## What is needed
Find every line below with the word "ennreal" in it, and copy each one.

*** Extracted material ***

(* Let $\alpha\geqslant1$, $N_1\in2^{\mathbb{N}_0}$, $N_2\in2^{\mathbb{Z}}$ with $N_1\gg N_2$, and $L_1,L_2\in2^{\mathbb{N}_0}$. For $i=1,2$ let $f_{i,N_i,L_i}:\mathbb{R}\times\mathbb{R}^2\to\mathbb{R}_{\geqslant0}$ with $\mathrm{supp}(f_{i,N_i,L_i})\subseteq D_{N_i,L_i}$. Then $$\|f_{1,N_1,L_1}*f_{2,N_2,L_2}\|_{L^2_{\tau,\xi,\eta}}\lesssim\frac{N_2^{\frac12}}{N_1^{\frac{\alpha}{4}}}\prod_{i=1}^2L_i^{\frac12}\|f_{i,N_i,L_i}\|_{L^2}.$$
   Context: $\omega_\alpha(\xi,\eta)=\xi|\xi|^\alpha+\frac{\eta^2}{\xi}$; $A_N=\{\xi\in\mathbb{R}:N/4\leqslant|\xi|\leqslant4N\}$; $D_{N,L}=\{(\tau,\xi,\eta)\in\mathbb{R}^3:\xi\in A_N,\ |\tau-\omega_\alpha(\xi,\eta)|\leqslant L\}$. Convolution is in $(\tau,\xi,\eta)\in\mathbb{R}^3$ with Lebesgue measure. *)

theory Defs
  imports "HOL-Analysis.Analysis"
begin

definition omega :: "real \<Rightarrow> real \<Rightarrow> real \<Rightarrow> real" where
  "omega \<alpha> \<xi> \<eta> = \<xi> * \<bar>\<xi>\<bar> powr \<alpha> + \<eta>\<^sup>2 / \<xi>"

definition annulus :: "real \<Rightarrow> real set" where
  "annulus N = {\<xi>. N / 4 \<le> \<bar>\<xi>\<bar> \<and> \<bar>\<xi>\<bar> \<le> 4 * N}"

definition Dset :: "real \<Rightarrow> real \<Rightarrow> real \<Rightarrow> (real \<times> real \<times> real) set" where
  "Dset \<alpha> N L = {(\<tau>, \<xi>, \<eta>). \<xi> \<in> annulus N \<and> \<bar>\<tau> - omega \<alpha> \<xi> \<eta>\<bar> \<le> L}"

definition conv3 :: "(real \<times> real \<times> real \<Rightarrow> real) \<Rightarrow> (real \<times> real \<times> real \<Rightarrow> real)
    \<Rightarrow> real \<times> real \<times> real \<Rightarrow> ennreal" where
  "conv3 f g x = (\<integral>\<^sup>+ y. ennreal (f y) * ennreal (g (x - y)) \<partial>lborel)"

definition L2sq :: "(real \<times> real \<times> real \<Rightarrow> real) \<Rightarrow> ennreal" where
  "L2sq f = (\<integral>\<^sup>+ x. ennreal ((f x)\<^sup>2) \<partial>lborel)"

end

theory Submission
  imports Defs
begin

*** End of Extracted material ***
*** Extracted material ***

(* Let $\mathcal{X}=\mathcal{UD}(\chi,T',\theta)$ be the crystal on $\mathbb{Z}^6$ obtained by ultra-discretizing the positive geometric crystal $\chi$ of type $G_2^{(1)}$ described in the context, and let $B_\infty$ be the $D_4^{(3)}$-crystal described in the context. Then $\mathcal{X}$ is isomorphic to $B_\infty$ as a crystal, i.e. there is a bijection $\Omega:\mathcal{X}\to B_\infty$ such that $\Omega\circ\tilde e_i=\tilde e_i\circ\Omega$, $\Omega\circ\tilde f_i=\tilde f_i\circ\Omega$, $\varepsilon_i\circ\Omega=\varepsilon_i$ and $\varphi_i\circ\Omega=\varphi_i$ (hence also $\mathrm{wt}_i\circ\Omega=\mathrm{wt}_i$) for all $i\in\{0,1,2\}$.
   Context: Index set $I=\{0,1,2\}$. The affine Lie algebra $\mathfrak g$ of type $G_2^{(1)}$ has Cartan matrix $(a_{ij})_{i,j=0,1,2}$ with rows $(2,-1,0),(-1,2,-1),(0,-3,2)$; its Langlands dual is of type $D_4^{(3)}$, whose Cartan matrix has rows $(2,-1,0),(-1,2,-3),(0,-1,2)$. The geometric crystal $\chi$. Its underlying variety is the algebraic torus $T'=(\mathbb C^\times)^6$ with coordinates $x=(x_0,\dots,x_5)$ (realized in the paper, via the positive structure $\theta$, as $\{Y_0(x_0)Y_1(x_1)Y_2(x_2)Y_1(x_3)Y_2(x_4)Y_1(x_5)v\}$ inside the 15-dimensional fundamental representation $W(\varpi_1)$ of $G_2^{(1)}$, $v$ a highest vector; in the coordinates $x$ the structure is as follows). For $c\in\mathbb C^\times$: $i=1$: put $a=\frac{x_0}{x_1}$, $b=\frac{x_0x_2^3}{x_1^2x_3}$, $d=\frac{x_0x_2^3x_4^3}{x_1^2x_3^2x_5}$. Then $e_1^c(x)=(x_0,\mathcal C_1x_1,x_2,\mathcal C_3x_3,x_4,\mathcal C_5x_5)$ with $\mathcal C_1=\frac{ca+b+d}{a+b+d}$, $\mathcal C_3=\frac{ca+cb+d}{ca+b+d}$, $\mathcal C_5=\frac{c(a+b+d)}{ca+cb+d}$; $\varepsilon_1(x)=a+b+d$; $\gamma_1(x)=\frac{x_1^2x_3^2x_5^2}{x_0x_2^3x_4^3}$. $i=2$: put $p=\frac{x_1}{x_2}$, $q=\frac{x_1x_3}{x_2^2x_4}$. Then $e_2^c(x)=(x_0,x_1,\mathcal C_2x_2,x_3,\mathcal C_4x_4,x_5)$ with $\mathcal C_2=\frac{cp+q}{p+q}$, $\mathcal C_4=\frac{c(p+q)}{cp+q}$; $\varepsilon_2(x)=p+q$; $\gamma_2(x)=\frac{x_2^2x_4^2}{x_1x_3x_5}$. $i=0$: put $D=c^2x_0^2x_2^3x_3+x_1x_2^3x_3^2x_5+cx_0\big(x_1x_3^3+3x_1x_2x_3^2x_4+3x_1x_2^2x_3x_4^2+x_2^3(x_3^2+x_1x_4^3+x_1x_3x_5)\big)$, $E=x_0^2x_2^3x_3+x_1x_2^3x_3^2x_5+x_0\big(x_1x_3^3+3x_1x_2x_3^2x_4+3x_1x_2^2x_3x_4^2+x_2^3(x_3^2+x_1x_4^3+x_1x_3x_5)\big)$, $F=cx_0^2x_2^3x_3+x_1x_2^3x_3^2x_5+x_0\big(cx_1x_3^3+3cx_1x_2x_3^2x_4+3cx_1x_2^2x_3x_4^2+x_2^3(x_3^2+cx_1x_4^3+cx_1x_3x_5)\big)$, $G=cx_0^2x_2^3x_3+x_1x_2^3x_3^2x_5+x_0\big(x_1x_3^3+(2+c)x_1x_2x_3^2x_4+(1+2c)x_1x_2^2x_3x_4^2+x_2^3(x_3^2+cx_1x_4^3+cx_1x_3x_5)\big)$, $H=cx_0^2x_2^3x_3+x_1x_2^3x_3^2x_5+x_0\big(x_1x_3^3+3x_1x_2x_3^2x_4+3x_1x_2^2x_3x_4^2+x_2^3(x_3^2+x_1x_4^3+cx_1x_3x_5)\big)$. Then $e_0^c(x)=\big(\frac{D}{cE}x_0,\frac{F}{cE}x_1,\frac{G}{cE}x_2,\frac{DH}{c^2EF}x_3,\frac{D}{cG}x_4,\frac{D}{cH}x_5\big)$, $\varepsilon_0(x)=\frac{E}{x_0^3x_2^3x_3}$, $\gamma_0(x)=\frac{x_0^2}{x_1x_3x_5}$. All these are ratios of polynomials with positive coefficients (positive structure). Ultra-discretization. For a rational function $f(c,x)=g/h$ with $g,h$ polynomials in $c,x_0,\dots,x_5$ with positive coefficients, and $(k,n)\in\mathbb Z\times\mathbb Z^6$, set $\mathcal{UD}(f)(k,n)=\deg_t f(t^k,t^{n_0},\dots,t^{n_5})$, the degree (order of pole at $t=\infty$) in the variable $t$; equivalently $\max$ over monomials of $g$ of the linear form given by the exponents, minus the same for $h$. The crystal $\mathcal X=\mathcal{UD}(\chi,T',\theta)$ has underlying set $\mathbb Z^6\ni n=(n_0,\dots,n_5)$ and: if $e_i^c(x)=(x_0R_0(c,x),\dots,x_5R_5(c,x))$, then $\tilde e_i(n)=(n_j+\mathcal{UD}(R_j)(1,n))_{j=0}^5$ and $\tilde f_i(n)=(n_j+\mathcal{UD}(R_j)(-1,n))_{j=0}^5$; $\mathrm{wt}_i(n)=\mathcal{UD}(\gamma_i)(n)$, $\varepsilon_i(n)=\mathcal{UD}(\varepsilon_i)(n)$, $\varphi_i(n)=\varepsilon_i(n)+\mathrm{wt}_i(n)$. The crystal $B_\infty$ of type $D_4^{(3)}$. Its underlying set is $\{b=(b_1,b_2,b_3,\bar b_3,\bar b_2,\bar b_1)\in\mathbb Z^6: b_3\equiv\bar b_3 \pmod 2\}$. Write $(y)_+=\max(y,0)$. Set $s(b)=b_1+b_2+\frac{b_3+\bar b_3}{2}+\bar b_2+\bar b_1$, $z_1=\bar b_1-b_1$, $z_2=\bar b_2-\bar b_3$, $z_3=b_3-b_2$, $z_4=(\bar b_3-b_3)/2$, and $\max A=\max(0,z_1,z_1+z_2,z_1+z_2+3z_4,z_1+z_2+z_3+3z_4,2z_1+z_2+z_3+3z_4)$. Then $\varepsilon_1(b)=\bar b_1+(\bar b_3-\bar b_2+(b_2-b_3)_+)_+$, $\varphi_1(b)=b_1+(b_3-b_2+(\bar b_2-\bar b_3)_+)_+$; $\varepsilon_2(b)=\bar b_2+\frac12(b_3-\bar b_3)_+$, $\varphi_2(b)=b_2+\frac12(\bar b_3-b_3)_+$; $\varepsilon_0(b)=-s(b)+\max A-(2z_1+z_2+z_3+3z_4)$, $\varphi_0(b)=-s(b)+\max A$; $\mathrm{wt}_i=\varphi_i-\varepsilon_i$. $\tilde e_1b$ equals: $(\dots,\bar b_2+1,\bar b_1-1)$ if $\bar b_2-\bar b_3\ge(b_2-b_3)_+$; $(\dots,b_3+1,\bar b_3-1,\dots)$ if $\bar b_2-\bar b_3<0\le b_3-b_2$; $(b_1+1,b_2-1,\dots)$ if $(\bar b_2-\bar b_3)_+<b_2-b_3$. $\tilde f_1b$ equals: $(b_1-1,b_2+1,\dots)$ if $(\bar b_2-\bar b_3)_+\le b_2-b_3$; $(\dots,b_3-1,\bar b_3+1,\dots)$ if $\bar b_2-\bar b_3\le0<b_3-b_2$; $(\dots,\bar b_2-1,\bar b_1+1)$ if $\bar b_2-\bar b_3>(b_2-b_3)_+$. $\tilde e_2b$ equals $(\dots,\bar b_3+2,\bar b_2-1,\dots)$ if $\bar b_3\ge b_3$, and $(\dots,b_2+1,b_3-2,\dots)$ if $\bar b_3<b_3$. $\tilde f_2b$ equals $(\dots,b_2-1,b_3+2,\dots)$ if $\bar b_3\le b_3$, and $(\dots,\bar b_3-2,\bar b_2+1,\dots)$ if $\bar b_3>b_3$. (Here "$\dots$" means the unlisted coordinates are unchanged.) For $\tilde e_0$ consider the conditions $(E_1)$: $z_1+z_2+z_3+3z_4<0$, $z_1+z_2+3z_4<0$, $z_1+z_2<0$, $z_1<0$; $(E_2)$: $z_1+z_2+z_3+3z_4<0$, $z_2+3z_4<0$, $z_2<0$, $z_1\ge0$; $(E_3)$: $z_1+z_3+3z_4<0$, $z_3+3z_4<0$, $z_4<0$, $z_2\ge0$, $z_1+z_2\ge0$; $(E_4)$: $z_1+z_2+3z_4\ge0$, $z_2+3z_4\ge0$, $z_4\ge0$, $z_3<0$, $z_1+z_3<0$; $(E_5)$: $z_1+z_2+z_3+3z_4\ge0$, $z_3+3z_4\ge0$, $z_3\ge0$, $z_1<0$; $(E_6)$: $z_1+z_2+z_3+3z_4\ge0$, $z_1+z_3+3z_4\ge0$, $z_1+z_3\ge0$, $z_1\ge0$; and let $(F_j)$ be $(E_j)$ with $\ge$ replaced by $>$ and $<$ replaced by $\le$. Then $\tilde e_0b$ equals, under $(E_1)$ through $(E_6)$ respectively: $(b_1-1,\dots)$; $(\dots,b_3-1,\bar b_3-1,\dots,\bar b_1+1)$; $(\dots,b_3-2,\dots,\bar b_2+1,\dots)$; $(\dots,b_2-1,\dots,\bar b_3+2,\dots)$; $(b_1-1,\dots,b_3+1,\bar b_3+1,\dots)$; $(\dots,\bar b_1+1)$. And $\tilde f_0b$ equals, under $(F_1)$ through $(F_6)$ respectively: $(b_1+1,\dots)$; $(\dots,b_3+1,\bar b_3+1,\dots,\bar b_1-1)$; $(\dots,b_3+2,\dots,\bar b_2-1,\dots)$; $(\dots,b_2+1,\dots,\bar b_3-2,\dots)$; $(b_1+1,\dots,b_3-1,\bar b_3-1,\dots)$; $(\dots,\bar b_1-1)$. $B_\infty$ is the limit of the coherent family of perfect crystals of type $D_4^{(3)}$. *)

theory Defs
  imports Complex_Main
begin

*** End of Extracted material ***

## Answer to this exercise
    \<Rightarrow> real \<times> real \<times> real \<Rightarrow> ennreal" where
  "conv3 f g x = (\<integral>\<^sup>+ y. ennreal (f y) * ennreal (g (x - y)) \<partial>lborel)"
definition L2sq :: "(real \<times> real \<times> real \<Rightarrow> real) \<Rightarrow> ennreal" where
  "L2sq f = (\<integral>\<^sup>+ x. ennreal ((f x)\<^sup>2) \<partial>lborel)"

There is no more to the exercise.